When Schulberg was researching his topic he became a friend of Father John M. Corridan, who served as the model for Father Barry, played on the screen with sturdy conviction by Karl Malden.
The most famous words penned by Schulberg were stirringly delivered by Marlon Brando as former boxer Terry Malloy in a conversation with his brother, played by Rod Steiger:
"I coulda been a contender. I coulda been somebody. Instead of a bum, which is what I am."
Two important facts stand out relative to "On the Waterfront" and Schulberg's association with it. The Schulberg I spoke to had a gift for synthesizing important subject matter in a few perfectly chosen words. The same could be said for the characters in "On the Waterfront" played by Brando, Malden, Eva Marie Saint, Lee J. Cobb, and Martin Balsam.
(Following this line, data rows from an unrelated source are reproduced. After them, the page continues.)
theorem lemma4p1:
  fixes n :: nat
  assumes "n \<ge> 3"
  shows "(\<forall>G. homeo_subgroup G (star_graph n) \<longrightarrow> height G (star_graph n) \<ge> 2)
         \<and> height (Homeo (star_graph n)) (star_graph n) = 2"
proof -
  interpret star n using assms by unfold_locales
  have "\<forall>G. homeo_subgroup G (star_graph n) \<longrightarrow> height G (star_graph n) \<ge> 2"
    by (auto simp: homeo_subgroup_def intro: two_le_height)
  moreover have "height (Homeo (star_graph n)) (star_graph n) = 2"
    using two_le_height[of "Homeo (star_graph n)"] height_Homeo_le_two by simp
  ultimately show ?thesis by blast
qed

end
The subject matter of the film and intensive research were also hallmarks of the Schulberg plan of selecting an important social problem, studying it thoroughly, then presenting it in clean, graphic dialogue springing from believable characters.An essential reason for seeking out the interview with Schulberg was his involvement in a project he launched at a crucial point in Los Angeles' history.
The Watts Riots registered a sizable impact on the city's as well as the national psyche. As a writer always exploring the big picture, Schulberg knew that residing within that area of South Los Angeles were scores of budding authors seeking to tell about what they knew about life in the African American ghetto of the west's largest city.